[Start of Attachment]

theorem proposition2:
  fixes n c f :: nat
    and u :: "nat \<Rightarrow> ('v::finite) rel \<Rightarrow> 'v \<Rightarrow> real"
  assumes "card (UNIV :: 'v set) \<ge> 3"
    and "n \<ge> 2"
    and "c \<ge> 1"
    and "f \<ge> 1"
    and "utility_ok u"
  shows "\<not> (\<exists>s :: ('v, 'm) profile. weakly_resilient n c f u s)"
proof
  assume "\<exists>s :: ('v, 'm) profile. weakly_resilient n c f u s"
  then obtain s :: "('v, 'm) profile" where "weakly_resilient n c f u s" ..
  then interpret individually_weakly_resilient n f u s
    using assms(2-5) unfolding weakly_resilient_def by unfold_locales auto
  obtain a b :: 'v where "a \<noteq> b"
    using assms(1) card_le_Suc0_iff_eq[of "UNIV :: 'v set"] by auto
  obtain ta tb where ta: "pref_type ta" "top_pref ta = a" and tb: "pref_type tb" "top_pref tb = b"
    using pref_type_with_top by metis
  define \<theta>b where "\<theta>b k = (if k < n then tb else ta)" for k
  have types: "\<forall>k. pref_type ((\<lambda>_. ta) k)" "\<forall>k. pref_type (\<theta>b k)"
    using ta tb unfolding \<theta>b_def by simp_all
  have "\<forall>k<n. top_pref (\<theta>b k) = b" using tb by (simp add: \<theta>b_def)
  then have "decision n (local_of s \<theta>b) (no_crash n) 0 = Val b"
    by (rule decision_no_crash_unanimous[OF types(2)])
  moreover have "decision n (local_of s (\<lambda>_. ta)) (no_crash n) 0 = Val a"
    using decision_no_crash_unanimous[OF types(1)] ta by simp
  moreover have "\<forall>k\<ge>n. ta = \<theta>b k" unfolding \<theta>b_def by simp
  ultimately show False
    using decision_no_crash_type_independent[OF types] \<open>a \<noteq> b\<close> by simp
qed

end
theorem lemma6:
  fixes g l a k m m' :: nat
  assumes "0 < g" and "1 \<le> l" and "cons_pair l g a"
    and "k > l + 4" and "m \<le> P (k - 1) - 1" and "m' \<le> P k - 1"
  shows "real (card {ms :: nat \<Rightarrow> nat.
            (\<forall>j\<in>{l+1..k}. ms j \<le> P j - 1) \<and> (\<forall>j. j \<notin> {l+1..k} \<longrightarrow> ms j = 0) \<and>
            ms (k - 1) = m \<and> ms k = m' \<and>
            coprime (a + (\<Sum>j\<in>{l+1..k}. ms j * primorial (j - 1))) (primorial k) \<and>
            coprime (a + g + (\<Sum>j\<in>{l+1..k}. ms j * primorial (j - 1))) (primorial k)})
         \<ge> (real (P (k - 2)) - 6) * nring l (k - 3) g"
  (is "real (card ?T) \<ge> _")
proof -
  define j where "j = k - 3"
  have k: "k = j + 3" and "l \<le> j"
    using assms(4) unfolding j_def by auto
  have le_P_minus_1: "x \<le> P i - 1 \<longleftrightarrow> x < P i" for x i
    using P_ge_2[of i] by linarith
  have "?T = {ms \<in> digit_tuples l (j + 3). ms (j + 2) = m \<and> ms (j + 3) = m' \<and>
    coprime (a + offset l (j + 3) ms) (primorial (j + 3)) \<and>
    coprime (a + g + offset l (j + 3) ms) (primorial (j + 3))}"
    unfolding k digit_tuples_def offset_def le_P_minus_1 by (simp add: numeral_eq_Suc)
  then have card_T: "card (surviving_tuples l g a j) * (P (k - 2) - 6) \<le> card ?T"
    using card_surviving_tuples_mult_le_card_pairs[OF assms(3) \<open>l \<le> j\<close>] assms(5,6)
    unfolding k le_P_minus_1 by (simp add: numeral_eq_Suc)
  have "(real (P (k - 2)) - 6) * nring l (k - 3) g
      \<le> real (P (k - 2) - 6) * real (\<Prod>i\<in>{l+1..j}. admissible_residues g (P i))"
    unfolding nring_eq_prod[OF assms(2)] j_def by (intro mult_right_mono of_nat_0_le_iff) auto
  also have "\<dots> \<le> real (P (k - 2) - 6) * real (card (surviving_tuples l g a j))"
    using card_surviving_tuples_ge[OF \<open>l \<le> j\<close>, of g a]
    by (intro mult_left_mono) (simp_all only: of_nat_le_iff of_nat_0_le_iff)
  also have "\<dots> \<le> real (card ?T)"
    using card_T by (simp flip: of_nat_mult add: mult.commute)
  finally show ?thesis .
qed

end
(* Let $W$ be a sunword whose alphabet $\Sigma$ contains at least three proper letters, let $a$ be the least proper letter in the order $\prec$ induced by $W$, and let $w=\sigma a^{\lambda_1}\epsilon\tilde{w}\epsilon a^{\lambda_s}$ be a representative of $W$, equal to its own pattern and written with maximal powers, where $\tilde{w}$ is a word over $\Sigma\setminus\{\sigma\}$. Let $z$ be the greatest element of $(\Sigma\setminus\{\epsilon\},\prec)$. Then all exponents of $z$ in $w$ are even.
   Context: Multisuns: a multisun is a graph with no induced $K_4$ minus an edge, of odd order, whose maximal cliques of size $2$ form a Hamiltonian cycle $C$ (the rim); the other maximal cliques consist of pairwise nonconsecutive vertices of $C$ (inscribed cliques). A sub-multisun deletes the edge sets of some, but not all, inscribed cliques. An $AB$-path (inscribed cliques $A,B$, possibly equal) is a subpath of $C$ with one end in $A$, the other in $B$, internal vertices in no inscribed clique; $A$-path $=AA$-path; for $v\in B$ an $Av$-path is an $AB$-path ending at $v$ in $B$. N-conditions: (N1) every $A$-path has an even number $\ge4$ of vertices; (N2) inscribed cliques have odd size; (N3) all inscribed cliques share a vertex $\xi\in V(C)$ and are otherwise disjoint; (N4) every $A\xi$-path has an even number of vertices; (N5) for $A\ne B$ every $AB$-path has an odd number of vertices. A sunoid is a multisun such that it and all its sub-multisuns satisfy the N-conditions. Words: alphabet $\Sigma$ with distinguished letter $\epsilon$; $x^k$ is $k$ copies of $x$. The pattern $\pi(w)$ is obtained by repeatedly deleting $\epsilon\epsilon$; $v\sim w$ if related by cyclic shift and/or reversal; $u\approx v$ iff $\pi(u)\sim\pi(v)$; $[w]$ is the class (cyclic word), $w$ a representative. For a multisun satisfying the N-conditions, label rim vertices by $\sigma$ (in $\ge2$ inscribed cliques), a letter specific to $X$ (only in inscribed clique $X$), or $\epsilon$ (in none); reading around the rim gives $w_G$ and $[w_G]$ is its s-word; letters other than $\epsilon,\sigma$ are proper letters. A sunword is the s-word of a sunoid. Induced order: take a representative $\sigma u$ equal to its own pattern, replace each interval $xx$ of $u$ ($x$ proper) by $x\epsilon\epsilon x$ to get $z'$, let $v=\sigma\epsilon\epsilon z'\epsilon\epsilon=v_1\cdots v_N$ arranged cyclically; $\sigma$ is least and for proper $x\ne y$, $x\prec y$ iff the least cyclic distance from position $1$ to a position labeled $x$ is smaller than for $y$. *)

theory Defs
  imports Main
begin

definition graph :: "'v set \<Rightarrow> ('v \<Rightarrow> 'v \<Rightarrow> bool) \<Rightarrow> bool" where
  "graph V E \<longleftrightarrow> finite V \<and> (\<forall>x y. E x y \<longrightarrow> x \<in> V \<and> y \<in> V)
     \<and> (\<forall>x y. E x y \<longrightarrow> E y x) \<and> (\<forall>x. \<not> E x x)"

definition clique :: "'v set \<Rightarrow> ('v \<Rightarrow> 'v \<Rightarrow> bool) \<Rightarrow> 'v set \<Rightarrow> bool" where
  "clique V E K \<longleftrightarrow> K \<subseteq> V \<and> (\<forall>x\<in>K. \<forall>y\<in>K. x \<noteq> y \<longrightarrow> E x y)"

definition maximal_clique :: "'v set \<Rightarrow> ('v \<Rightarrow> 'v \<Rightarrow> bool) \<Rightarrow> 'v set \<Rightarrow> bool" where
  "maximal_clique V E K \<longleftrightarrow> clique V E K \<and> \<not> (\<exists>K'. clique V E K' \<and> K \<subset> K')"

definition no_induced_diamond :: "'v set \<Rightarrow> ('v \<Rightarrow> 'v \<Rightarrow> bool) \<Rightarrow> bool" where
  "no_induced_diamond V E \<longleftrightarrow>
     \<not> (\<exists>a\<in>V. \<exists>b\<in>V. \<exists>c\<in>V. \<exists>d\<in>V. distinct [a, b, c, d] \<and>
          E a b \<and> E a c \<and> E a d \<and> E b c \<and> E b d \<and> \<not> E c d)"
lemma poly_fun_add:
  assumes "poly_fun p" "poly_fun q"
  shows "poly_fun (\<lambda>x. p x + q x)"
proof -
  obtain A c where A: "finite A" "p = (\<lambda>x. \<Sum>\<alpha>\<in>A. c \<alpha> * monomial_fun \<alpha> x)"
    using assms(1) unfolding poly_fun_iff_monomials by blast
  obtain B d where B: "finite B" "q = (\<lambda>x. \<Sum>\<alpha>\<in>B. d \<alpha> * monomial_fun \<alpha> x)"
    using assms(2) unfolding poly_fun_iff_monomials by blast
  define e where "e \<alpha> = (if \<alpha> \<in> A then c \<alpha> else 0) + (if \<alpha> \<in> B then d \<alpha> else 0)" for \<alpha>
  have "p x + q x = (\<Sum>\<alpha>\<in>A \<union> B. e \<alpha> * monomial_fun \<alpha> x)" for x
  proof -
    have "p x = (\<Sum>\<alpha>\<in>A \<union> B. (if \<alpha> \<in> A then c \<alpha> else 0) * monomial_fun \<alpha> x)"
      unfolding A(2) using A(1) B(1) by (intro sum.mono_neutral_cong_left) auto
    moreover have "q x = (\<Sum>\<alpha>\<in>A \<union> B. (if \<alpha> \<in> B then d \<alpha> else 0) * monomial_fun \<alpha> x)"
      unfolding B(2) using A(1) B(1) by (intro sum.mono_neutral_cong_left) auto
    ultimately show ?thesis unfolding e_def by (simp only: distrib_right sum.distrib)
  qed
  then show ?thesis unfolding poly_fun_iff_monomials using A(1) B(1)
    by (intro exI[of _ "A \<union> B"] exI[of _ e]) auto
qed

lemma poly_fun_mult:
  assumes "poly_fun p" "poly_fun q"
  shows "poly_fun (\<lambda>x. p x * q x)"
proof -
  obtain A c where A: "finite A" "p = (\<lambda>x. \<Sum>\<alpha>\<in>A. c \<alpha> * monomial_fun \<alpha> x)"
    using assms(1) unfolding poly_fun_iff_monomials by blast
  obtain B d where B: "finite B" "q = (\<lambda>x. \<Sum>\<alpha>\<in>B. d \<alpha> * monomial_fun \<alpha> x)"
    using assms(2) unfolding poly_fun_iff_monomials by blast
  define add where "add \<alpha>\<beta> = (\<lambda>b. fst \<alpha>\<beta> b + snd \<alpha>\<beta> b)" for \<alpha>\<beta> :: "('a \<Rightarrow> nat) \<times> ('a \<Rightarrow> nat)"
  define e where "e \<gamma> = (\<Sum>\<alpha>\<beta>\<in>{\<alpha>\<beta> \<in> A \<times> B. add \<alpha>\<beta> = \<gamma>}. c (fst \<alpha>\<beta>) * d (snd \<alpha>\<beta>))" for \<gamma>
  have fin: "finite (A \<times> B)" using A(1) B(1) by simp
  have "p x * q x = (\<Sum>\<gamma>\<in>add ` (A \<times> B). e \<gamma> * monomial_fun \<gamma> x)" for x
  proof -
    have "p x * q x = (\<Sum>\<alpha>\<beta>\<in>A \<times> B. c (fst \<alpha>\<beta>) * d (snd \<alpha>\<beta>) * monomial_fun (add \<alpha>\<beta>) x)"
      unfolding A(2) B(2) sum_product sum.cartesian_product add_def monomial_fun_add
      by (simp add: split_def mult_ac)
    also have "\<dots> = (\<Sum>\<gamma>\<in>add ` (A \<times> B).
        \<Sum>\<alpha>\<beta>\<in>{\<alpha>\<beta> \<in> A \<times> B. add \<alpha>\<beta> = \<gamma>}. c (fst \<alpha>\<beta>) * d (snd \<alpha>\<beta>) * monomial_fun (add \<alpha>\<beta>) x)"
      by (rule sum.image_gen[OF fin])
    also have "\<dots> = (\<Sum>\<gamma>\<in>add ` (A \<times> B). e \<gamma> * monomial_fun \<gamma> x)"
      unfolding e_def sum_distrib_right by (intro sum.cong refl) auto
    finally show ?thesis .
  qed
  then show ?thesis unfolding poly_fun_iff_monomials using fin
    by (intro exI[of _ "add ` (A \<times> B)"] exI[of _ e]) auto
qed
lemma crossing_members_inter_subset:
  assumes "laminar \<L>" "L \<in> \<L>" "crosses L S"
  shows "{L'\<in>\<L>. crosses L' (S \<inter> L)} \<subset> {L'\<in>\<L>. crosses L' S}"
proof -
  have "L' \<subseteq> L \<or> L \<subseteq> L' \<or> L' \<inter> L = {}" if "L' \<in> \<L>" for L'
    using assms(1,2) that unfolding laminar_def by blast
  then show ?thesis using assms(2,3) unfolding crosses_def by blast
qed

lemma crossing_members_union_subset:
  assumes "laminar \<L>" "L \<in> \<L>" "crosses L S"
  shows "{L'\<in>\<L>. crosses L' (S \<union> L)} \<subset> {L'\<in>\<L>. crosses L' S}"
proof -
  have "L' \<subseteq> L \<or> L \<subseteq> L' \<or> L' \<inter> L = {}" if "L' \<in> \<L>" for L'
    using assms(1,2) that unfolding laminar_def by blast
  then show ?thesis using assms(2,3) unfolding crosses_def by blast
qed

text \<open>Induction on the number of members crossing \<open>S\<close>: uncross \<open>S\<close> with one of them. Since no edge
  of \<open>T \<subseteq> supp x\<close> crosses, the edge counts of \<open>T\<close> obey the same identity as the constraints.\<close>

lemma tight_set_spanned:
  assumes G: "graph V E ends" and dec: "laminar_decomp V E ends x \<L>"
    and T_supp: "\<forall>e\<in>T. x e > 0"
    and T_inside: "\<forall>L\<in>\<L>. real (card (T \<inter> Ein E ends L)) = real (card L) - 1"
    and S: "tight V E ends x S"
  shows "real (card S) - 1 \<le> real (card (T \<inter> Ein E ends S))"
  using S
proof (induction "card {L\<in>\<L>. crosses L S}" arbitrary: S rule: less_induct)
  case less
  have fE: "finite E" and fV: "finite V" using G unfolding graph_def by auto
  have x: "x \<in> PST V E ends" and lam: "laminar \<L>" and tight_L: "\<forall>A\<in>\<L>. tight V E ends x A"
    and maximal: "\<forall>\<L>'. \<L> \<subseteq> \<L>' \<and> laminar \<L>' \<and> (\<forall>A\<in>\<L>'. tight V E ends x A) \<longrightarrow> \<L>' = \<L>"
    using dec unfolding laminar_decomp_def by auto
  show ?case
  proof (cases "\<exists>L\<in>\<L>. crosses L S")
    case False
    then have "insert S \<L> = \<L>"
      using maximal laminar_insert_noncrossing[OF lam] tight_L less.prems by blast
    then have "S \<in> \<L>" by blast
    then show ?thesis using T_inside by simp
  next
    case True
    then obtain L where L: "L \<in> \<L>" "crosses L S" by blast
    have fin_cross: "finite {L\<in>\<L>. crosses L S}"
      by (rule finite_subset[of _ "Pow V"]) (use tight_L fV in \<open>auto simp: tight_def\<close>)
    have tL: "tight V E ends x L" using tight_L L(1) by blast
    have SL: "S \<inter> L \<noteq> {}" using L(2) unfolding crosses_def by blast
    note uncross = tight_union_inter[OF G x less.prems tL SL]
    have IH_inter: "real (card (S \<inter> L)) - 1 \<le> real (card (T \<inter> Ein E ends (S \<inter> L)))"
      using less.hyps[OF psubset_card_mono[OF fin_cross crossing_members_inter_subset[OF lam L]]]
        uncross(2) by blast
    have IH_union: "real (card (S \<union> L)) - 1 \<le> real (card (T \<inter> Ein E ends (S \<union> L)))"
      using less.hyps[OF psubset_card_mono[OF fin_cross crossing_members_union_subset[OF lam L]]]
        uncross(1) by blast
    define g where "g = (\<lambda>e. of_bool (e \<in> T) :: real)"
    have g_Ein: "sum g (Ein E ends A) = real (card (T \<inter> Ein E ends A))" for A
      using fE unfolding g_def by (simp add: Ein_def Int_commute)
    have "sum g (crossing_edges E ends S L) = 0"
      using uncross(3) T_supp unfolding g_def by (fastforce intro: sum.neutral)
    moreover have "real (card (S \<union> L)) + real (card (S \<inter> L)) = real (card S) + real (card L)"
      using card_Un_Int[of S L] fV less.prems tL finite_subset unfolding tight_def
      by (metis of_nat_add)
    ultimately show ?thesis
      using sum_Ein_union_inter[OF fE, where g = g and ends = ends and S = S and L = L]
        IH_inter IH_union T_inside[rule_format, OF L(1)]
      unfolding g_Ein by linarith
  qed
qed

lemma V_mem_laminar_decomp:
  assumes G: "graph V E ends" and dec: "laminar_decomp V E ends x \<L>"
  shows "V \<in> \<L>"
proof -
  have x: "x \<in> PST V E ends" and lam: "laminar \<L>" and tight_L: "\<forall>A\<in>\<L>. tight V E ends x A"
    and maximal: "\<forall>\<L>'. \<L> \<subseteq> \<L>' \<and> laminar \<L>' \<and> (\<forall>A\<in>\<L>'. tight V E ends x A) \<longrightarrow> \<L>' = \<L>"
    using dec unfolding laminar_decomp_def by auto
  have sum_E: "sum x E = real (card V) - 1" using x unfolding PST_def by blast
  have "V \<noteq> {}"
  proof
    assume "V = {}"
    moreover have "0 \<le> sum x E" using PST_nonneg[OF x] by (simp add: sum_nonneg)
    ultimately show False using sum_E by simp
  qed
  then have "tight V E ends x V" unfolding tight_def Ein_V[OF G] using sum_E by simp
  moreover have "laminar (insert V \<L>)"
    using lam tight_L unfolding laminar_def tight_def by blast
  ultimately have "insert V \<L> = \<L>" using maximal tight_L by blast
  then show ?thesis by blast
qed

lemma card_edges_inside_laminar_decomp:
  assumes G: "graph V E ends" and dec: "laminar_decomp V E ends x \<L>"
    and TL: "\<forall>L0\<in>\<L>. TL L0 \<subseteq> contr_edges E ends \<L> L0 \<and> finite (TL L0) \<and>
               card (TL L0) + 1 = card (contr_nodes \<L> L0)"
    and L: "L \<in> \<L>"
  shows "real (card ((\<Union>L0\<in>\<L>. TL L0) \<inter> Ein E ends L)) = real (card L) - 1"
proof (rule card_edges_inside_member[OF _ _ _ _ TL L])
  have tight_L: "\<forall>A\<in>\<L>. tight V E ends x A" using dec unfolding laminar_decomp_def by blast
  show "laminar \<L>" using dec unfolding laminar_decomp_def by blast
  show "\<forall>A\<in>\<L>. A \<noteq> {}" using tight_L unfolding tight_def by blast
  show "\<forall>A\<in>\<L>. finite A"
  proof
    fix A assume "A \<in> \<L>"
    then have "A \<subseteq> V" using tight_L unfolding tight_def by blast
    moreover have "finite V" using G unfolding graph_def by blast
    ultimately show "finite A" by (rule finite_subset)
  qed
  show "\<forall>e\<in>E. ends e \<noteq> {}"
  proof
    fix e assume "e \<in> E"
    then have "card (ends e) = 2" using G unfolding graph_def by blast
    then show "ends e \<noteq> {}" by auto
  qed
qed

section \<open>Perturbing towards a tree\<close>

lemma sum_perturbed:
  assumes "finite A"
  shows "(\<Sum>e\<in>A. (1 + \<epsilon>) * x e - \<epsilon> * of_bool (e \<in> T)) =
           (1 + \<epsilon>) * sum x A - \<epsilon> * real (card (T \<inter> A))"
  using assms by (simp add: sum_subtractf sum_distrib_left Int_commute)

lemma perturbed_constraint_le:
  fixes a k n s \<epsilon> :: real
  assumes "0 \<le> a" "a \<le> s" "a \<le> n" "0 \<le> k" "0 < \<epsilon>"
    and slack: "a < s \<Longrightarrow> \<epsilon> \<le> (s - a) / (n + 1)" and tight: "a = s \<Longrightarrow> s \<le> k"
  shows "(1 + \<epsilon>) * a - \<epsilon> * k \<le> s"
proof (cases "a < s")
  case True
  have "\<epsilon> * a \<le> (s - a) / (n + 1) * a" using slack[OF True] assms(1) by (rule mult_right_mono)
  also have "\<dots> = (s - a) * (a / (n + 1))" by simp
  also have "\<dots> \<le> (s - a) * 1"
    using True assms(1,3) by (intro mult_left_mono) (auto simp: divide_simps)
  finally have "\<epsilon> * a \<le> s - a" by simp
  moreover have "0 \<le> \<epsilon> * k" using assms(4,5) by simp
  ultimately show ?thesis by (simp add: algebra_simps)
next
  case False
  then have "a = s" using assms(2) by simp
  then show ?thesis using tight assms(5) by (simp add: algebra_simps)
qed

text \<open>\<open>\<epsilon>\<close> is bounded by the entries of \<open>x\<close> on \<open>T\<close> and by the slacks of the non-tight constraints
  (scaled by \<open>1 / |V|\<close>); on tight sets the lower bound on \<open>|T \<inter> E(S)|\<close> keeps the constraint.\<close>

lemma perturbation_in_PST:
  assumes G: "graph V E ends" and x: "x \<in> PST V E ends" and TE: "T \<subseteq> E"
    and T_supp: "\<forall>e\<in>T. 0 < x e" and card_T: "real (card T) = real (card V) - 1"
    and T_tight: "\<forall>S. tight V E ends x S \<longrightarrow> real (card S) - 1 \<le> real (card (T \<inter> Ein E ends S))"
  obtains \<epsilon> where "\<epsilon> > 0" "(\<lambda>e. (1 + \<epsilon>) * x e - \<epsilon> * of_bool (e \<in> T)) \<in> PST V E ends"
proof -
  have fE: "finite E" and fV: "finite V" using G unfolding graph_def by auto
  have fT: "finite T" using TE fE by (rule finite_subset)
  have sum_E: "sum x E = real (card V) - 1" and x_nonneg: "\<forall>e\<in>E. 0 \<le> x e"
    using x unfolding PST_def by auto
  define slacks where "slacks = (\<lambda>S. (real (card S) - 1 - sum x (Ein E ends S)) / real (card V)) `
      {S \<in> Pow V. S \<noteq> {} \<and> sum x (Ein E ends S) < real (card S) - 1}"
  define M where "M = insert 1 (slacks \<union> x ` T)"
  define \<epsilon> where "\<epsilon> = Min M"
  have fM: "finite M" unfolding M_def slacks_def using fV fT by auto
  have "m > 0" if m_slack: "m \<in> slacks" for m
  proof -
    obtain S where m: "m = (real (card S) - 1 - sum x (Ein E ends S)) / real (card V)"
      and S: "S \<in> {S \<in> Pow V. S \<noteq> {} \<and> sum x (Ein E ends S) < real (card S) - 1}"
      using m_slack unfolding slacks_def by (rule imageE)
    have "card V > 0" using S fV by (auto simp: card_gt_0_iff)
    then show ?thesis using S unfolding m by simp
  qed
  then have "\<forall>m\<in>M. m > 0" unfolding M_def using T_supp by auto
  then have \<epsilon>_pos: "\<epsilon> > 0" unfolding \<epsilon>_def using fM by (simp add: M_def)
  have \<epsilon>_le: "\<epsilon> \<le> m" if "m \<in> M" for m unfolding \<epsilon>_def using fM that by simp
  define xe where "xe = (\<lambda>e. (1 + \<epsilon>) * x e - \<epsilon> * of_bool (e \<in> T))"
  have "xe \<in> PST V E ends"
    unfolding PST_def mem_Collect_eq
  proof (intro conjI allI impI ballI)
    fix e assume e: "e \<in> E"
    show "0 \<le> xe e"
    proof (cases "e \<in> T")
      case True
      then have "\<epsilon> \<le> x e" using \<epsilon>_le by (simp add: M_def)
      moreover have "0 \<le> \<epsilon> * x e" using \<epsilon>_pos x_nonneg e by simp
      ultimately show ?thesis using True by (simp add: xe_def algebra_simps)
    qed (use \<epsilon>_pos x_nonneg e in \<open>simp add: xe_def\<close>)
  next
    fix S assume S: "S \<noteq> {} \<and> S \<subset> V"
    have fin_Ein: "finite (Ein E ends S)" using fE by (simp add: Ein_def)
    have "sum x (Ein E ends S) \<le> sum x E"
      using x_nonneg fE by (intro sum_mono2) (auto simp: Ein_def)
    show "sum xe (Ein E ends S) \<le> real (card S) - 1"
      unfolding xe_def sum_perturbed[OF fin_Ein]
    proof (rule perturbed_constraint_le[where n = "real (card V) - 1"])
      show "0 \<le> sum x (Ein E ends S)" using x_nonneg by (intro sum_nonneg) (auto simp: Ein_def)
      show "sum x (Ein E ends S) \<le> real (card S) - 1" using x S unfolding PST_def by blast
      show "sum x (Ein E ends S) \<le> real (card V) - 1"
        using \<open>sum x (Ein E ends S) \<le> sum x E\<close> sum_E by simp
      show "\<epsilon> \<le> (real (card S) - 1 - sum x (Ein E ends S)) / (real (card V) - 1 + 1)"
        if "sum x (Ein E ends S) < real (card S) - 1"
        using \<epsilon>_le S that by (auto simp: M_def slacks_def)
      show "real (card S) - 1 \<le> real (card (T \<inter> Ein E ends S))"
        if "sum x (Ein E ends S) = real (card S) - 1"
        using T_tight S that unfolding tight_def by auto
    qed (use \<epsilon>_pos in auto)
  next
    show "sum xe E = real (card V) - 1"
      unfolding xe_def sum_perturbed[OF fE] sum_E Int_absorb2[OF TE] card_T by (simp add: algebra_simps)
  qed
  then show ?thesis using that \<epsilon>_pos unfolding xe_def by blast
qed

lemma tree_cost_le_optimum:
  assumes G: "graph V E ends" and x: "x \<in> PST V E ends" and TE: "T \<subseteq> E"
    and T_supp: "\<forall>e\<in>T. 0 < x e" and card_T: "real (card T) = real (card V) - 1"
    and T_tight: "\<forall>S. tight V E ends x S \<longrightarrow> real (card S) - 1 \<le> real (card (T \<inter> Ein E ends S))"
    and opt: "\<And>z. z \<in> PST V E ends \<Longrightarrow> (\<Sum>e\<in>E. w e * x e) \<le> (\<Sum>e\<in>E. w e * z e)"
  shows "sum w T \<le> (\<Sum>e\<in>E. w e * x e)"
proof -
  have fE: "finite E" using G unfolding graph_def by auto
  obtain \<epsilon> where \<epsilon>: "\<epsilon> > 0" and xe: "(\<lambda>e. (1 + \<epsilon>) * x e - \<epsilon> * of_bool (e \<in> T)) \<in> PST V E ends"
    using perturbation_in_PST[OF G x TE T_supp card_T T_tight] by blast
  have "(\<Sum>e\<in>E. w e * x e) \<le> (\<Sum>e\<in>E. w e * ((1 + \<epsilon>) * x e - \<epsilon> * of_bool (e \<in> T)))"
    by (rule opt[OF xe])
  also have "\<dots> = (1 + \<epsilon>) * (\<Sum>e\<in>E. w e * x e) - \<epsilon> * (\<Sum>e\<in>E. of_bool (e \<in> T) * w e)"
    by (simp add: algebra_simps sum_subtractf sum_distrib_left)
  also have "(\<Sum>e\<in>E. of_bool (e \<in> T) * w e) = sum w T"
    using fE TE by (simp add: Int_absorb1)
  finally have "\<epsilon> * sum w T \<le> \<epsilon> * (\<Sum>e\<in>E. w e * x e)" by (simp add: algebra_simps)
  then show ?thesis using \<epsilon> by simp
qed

[End of Attachment]

Your task →
Find where the line with "using card_T by" sits in the material above, then copy exactly from it through the line with "(* Let $W$ be". Add no other line.

Task solution →
    using card_T by (simp flip: of_nat_mult add: mult.commute)
  finally show ?thesis .
qed

end
(* Let $W$ be a sunword whose alphabet $\Sigma$ contains at least three proper letters, let $a$ be the least proper letter in the order $\prec$ induced by $W$, and let $w=\sigma a^{\lambda_1}\epsilon\tilde{w}\epsilon a^{\lambda_s}$ be a representative of $W$, equal to its own pattern and written with maximal powers, where $\tilde{w}$ is a word over $\Sigma\setminus\{\sigma\}$. Let $z$ be the greatest element of $(\Sigma\setminus\{\epsilon\},\prec)$. Then all exponents of $z$ in $w$ are even.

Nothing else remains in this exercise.